Goal of the exercise - Search the records for the string "where" and copy every line in which it appears.

Task inputs -
====
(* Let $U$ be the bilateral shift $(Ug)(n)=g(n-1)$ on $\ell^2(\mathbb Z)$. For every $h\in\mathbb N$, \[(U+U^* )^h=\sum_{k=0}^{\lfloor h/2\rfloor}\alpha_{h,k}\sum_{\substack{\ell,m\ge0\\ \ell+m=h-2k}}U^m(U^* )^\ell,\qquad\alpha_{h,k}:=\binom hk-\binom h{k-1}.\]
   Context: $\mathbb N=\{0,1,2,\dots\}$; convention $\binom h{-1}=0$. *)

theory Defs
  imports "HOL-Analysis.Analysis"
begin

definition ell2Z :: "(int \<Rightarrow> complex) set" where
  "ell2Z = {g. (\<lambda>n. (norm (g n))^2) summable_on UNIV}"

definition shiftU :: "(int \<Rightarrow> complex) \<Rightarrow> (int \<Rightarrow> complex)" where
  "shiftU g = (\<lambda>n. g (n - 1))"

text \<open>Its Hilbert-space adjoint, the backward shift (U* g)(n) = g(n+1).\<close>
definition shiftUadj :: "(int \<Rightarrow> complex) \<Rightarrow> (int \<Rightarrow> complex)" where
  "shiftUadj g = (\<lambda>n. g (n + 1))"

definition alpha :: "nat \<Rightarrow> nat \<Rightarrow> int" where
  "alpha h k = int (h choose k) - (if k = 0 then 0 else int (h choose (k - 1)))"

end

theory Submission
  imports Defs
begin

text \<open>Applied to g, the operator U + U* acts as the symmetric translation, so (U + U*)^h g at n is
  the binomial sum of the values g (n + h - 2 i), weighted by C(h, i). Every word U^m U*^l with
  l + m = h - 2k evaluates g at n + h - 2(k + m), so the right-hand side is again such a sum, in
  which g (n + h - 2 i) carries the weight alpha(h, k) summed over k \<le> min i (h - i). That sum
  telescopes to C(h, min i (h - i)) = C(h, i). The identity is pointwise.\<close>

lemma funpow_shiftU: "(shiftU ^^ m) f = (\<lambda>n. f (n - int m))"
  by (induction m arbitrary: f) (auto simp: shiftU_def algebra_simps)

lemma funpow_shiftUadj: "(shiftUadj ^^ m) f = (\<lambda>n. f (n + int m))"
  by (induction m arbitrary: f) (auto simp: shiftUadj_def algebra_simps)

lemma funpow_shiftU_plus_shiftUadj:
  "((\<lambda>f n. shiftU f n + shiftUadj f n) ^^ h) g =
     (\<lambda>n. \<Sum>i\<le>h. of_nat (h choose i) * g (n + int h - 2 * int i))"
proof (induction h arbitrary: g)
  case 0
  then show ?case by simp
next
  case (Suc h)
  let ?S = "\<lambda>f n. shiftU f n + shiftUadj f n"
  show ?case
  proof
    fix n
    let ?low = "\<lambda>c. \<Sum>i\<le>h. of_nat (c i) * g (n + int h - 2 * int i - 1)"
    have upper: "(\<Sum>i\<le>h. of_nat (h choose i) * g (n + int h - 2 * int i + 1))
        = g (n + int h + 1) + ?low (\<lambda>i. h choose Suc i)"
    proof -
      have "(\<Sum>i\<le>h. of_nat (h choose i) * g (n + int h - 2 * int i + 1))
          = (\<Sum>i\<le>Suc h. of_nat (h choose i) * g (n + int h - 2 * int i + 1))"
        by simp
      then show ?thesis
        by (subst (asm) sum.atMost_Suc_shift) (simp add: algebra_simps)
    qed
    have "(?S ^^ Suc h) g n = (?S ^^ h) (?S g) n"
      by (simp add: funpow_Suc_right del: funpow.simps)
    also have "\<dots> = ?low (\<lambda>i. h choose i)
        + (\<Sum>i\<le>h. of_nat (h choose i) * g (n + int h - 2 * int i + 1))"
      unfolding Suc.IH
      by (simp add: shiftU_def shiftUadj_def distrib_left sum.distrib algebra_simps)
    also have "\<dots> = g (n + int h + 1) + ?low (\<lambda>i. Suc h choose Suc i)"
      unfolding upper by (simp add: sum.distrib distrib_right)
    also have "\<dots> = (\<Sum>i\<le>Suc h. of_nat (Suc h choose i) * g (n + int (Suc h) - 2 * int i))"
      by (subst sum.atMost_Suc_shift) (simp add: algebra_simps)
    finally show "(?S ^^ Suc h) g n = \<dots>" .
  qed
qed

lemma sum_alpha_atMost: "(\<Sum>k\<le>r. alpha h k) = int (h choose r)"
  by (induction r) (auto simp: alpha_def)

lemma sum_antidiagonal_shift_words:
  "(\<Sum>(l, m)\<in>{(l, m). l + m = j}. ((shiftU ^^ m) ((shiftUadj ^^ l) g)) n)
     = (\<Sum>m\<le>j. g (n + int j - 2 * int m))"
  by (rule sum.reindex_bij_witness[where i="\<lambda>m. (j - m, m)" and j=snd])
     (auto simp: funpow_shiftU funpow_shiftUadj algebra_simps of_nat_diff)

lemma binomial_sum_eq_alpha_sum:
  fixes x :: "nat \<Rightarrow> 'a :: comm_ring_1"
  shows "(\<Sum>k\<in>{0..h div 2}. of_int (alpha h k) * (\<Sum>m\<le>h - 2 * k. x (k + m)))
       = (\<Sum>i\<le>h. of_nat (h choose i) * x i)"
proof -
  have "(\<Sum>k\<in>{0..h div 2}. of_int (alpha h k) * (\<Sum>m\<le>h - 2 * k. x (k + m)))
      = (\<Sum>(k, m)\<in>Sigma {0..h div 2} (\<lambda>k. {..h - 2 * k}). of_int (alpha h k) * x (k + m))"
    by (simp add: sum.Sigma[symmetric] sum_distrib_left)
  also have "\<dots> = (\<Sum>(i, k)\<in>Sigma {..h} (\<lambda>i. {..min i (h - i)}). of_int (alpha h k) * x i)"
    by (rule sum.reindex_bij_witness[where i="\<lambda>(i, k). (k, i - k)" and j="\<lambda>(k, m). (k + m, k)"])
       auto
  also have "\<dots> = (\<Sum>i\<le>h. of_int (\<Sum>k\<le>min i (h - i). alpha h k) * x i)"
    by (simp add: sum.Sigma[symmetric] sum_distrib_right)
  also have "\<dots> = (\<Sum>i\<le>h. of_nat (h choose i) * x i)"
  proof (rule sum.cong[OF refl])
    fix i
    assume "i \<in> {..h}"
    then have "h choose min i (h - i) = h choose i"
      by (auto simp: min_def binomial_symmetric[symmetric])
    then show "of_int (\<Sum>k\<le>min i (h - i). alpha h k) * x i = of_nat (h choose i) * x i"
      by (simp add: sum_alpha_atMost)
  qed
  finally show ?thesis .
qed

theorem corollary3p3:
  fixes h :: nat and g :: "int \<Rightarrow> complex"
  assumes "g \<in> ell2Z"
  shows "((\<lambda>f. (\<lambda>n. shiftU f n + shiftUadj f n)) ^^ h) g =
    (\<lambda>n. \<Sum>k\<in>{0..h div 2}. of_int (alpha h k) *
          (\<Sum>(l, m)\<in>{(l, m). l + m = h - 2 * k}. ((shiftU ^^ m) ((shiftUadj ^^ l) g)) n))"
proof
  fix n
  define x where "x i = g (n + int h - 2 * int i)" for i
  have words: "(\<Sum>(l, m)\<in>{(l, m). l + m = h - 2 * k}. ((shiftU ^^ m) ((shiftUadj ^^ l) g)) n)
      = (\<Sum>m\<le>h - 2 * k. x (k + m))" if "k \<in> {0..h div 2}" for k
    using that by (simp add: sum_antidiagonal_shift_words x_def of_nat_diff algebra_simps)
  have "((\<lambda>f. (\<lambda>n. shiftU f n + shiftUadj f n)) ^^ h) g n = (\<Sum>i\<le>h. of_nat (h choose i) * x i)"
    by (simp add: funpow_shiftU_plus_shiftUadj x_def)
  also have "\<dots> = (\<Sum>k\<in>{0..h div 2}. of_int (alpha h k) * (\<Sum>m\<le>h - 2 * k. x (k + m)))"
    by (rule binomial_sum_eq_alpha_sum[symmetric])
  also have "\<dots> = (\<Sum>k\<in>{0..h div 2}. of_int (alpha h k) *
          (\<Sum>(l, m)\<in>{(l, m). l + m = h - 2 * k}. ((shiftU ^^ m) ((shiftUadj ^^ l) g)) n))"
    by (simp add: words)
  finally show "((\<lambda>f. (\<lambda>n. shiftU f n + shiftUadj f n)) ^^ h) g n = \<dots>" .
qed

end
====
Task result -
definition ell2Z :: "(int \<Rightarrow> complex) set" where
definition shiftU :: "(int \<Rightarrow> complex) \<Rightarrow> (int \<Rightarrow> complex)" where
definition shiftUadj :: "(int \<Rightarrow> complex) \<Rightarrow> (int \<Rightarrow> complex)" where
definition alpha :: "nat \<Rightarrow> nat \<Rightarrow> int" where
  by (rule sum.reindex_bij_witness[where i="\<lambda>m. (j - m, m)" and j=snd])
    by (rule sum.reindex_bij_witness[where i="\<lambda>(i, k). (k, i - k)" and j="\<lambda>(k, m). (k + m, k)"])
  define x where "x i = g (n + int h - 2 * int i)" for i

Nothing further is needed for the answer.